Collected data

lemma expectation_cond_zeta_pmf_prod:
  assumes pos: "0 < measure (zeta_pmf S s c x V) (Mset V \<zeta>')" and A: "A \<subseteq> V"
  shows "measure_pmf.expectation (cond_pmf (zeta_pmf S s c x V) (Mset V \<zeta>'))
           (\<lambda>\<zeta>. \<Prod>j\<in>A. 1 - Pval S s c x (\<zeta> j) i j)
       = (\<Prod>j\<in>A. 1 - Pgen S s c x (\<zeta>' j) i j)"
proof -
  let ?N = "\<lambda>j. cond_pmf (node_dist j) (allowed_values (\<zeta>' j))"
  have ne: "set_pmf (node_dist j) \<inter> allowed_values (\<zeta>' j) \<noteq> {}" if "j \<in> A" for j
    using that A node_dist_meets_allowed_values[OF pos] by blast
  have "measure_pmf.expectation (Pi_pmf V C3 ?N) (\<lambda>\<zeta>. \<Prod>j\<in>A. 1 - Pval S s c x (\<zeta> j) i j)
      = (\<Prod>j\<in>A. measure_pmf.expectation (?N j) (\<lambda>a. 1 - Pval S s c x a i j))"
  proof (rule expectation_prod_Pi_pmf_subset[OF finite_V A])
    show "integrable (measure_pmf (?N j)) (\<lambda>a. 1 - Pval S s c x a i j)" for j
      by (rule integrable_measure_pmf_finite) simp
    show "0 \<le> 1 - Pval S s c x a i j" if "j \<in> A" "a \<in> set_pmf (?N j)" for j a
      using that A ne Pval_le_1 by auto
  qed
  also have "\<dots> = (\<Prod>j\<in>A. 1 - Pgen S s c x (\<zeta>' j) i j)"
    using A ne by (intro prod.cong refl expectation_cond_node_dist) auto
  finally show ?thesis
    by (simp add: cond_zeta_pmf[OF pos])
qed

lemma Eprime_eq:
  assumes pos: "0 < measure (zeta_pmf S s c x V) (Mset V \<zeta>')"
    and T: "\<And>k. k \<in> U \<Longrightarrow> T k \<subseteq> V"
  shows "Eprime S s c x V U svc T w \<zeta>'
       = (\<Sum>k\<in>U. w k * (1 - (\<Prod>j\<in>T k. 1 - Pgen S s c x (\<zeta>' j) (svc k) j)))"
proof -
  let ?Z = "cond_pmf (zeta_pmf S s c x V) (Mset V \<zeta>')"
  let ?miss = "\<lambda>k \<zeta>. \<Prod>j\<in>T k. 1 - Pval S s c x (\<zeta> j) (svc k) j"
  have ne: "set_pmf (zeta_pmf S s c x V) \<inter> Mset V \<zeta>' \<noteq> {}"
    using pos measure_pmf_zero_iff[of "zeta_pmf S s c x V" "Mset V \<zeta>'"] by auto
  have support: "\<zeta> j \<in> set_pmf (node_dist j)" if "\<zeta> \<in> set_pmf ?Z" "j \<in> V" for \<zeta> j
    using that set_zeta_pmf by (simp add: set_cond_pmf[OF ne])
  have "finite (set_pmf ?Z)"
    using finite_set_zeta_pmf by (simp add: set_cond_pmf[OF ne])
  then have integrable: "integrable ?Z f" for f :: "_ \<Rightarrow> real"
    by (rule integrable_measure_pmf_finite)
  have "Eprime S s c x V U svc T w \<zeta>'
      = measure_pmf.expectation ?Z
          (\<lambda>\<zeta>. measure_pmf.expectation (tau_pmf S s c x V \<zeta>) (total_reward S s c x V U svc T w \<zeta>))"
    unfolding Eprime_def spsc_experiment_def cond_bind_Pair_fst[OF ne]
    by (subst integral_bind_pmf_bounded[where B = "\<Sum>k\<in>U. \<bar>w k\<bar>"])
       (auto simp: abs_total_reward_le)
  also have "\<dots> = measure_pmf.expectation ?Z (\<lambda>\<zeta>. \<Sum>k\<in>U. w k * (1 - ?miss k \<zeta>))"
    using support T by (intro integral_cong_AE AE_pmfI) (simp_all add: expectation_total_reward)
  also have "\<dots> = (\<Sum>k\<in>U. w k * (1 - measure_pmf.expectation ?Z (?miss k)))"
    by (simp add: integrable Bochner_Integration.integral_sum)
  also have "\<dots> = (\<Sum>k\<in>U. w k * (1 - (\<Prod>j\<in>T k. 1 - Pgen S s c x (\<zeta>' j) (svc k) j)))"
    using T by (simp add: expectation_cond_zeta_pmf_prod[OF pos])
  finally show ?thesis .
qed
(* If $\mathcal{R}_0<1$, then the disease-free equilibrium $E_0=\left(\frac{\Lambda}{\lambda},\frac{r\Lambda}{\mu\lambda},0,0\right)$ of the model is globally asymptotically stable.
   Context: The model is $\dot S=\Lambda-F_1(S,I_1)-F_2(S,I_2)-\lambda S$, $\dot V_1=rS-(\mu+kI_2)V_1$, $\dot I_1=F_1(S,I_1)-\alpha_1I_1$, $\dot I_2=F_2(S,I_2)+kI_2V_1-\alpha_2I_2$ on $\mathbb{R}^4_+$. The constants $\Lambda,\mu,r,k,\gamma_1,\gamma_2>0$ and $v_1,v_2\ge0$; $\lambda=r+\mu$ and $\alpha_i=\gamma_i+v_i+\mu$. For $i=1,2$ the incidence functions satisfy: - (H1) $F_i(S,I_i)=I_if_i(S,I_i)$ with $F_i,f_i\in C^2(\mathbb{R}^2_+,\mathbb{R}_+)$ and $F_i(0,I_i)=F_i(S,0)=0$; - (H2) $\partial f_i/\partial S>0$ and $\partial f_i/\partial I_i\le0$; - (H3) $\lim_{I_i\to0^+}F_i(S,I_i)/I_i$ exists and is positive for $S>0$. Let $S^0=\Lambda/\lambda$ and $\sigma_i=\frac{\partial F_i}{\partial I_i}(S^0,0)$. Set $\mathcal{R}_1=\sigma_1/\alpha_1$, $\mathcal{R}_2=\sigma_2/\alpha_2+\frac{kr\Lambda}{\alpha_2\mu\lambda}$ and $\mathcal{R}_0=\max\{\mathcal{R}_1,\mathcal{R}_2\}$. *)

theory Defs
  imports "HOL-Analysis.Analysis"
begin

definition quad :: "(real \<times> real) set" where
  "quad = {p. fst p \<ge> 0 \<and> snd p \<ge> 0}"
(* Let $F$ be a field of characteristic $0$ and let $E^{can}$ be the Grassmann algebra $E$ with the $\mathbb{Z}$-grading in which every generator $e_i$ has degree $1$ (so the component of degree $n\ge 1$ is spanned by the basis monomials $e_{i_1}\cdots e_{i_n}$, $i_1<\cdots<i_n$, the component of degree $0$ is $F$, and components of negative degree are $0$). Then $T_{\mathbb{Z}}(E^{can})$ is generated, as a $T_{\mathbb{Z}}$-ideal, by the following graded polynomials: $x$ for every variable $x$ with $\alpha(x)<0$; $[x_1,x_2]$ for all variables $x_1,x_2$ such that $\alpha(x_1)$ or $\alpha(x_2)$ is even; $x_1x_2+x_2x_1$ for all variables $x_1,x_2$ with $\alpha(x_1)$ and $\alpha(x_2)$ both odd.
   Context: $L$ is a vector space over $F$ with basis $e_1,e_2,\dots$, and $E$ is the unital Grassmann algebra of $L$: it has basis $1$ and the products $e_{i_1}\cdots e_{i_k}$ with $i_1<\cdots<i_k$, $k\ge1$, with multiplication induced by $e_ie_j=-e_je_i$. $F\langle X|\mathbb{Z}\rangle$ is the free unital associative algebra on $X=\bigcup_{i\in\mathbb{Z}}X_i$, where each $X_i$ is a countably infinite set of variables of degree $i$; $\alpha(x)$ denotes the degree of the variable $x$, and $F\langle X|\mathbb{Z}\rangle$ is $\mathbb{Z}$-graded by the total degree of monomials. A polynomial $f(x_1,\dots,x_r)\in F\langle X|\mathbb{Z}\rangle$ is a $\mathbb{Z}$-graded identity of a $\mathbb{Z}$-graded algebra $A=\oplus_n A_n$ if $f(a_1,\dots,a_r)=0$ whenever $a_j\in A_{\alpha(x_j)}$ for all $j$; $T_{\mathbb{Z}}(A)$ is the set of these. A $T_{\mathbb{Z}}$-ideal is an ideal of $F\langle X|\mathbb{Z}\rangle$ invariant under all degree-preserving endomorphisms; the $T_{\mathbb{Z}}$-ideal generated by a set $S$ is the smallest one containing $S$. $[a,b]=ab-ba$. *)

theory Defs
  imports Main
begin

text \<open>Variables: a variable is a pair (i, k) : int \<times> nat; it belongs to X_i, i.e. its
  degree alpha is i. Each X_i = {i} \<times> UNIV is countably infinite.\<close>
type_synonym var = "int \<times> nat"

definition alpha :: "var \<Rightarrow> int" where "alpha x = fst x"

text \<open>Free unital associative algebra F<X|Z>: finitely supported coefficient
  functions on words (lists of variables).\<close>
type_synonym 'a fpoly = "var list \<Rightarrow> 'a"

definition polys :: "('a::field) fpoly set" where
  "polys = {p. finite {w. p w \<noteq> 0}}"

definition pzero :: "('a::field) fpoly" where "pzero = (\<lambda>w. 0)"
definition mono :: "var list \<Rightarrow> ('a::field) fpoly" where
  "mono u = (\<lambda>w. if w = u then 1 else 0)"
definition pone :: "('a::field) fpoly" where "pone = mono []"
definition padd :: "('a::field) fpoly \<Rightarrow> 'a fpoly \<Rightarrow> 'a fpoly" where
  "padd p q = (\<lambda>w. p w + q w)"
definition pdiff :: "('a::field) fpoly \<Rightarrow> 'a fpoly \<Rightarrow> 'a fpoly" where
  "pdiff p q = (\<lambda>w. p w - q w)"
definition pmul :: "('a::field) fpoly \<Rightarrow> 'a fpoly \<Rightarrow> 'a fpoly" where
  "pmul p q = (\<lambda>w. \<Sum>i\<le>length w. p (take i w) * q (drop i w))"

definition homog :: "int \<Rightarrow> ('a::field) fpoly \<Rightarrow> bool" where
  "homog n p \<longleftrightarrow> p \<in> polys \<and> (\<forall>w. p w \<noteq> 0 \<longrightarrow> sum_list (map alpha w) = n)"

definition pword :: "(var \<Rightarrow> ('a::field) fpoly) \<Rightarrow> var list \<Rightarrow> 'a fpoly" where
  "pword \<psi> w = foldr (\<lambda>x acc. pmul (\<psi> x) acc) w pone"
definition psubst :: "(var \<Rightarrow> ('a::field) fpoly) \<Rightarrow> 'a fpoly \<Rightarrow> 'a fpoly" where
  "psubst \<psi> p = (\<lambda>v. \<Sum>w\<in>{w. p w \<noteq> 0}. p w * pword \<psi> w v)"

definition two_sided_ideal :: "('a::field) fpoly set \<Rightarrow> bool" where
  "two_sided_ideal I \<longleftrightarrow> I \<subseteq> polys \<and> pzero \<in> I \<and>
     (\<forall>p\<in>I. \<forall>q\<in>I. padd p q \<in> I) \<and>
     (\<forall>p\<in>I. \<forall>q\<in>polys. pmul q p \<in> I \<and> pmul p q \<in> I)"

definition TZ_ideal :: "('a::field) fpoly set \<Rightarrow> bool" where
  "TZ_ideal I \<longleftrightarrow> two_sided_ideal I \<and>
     (\<forall>\<psi>. (\<forall>x. homog (alpha x) (\<psi> x)) \<longrightarrow> (\<forall>p\<in>I. psubst \<psi> p \<in> I))"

■ WORK TO COMPLETE
Please reproduce exactly the lines above, beginning with the first and ending with the line that contains "cond_pmf (node_dist j)", and include nothing outside that range.

■ YOUR RESPONSE
lemma expectation_cond_zeta_pmf_prod:
  assumes pos: "0 < measure (zeta_pmf S s c x V) (Mset V \<zeta>')" and A: "A \<subseteq> V"
  shows "measure_pmf.expectation (cond_pmf (zeta_pmf S s c x V) (Mset V \<zeta>'))
           (\<lambda>\<zeta>. \<Prod>j\<in>A. 1 - Pval S s c x (\<zeta> j) i j)
       = (\<Prod>j\<in>A. 1 - Pgen S s c x (\<zeta>' j) i j)"
proof -
  let ?N = "\<lambda>j. cond_pmf (node_dist j) (allowed_values (\<zeta>' j))"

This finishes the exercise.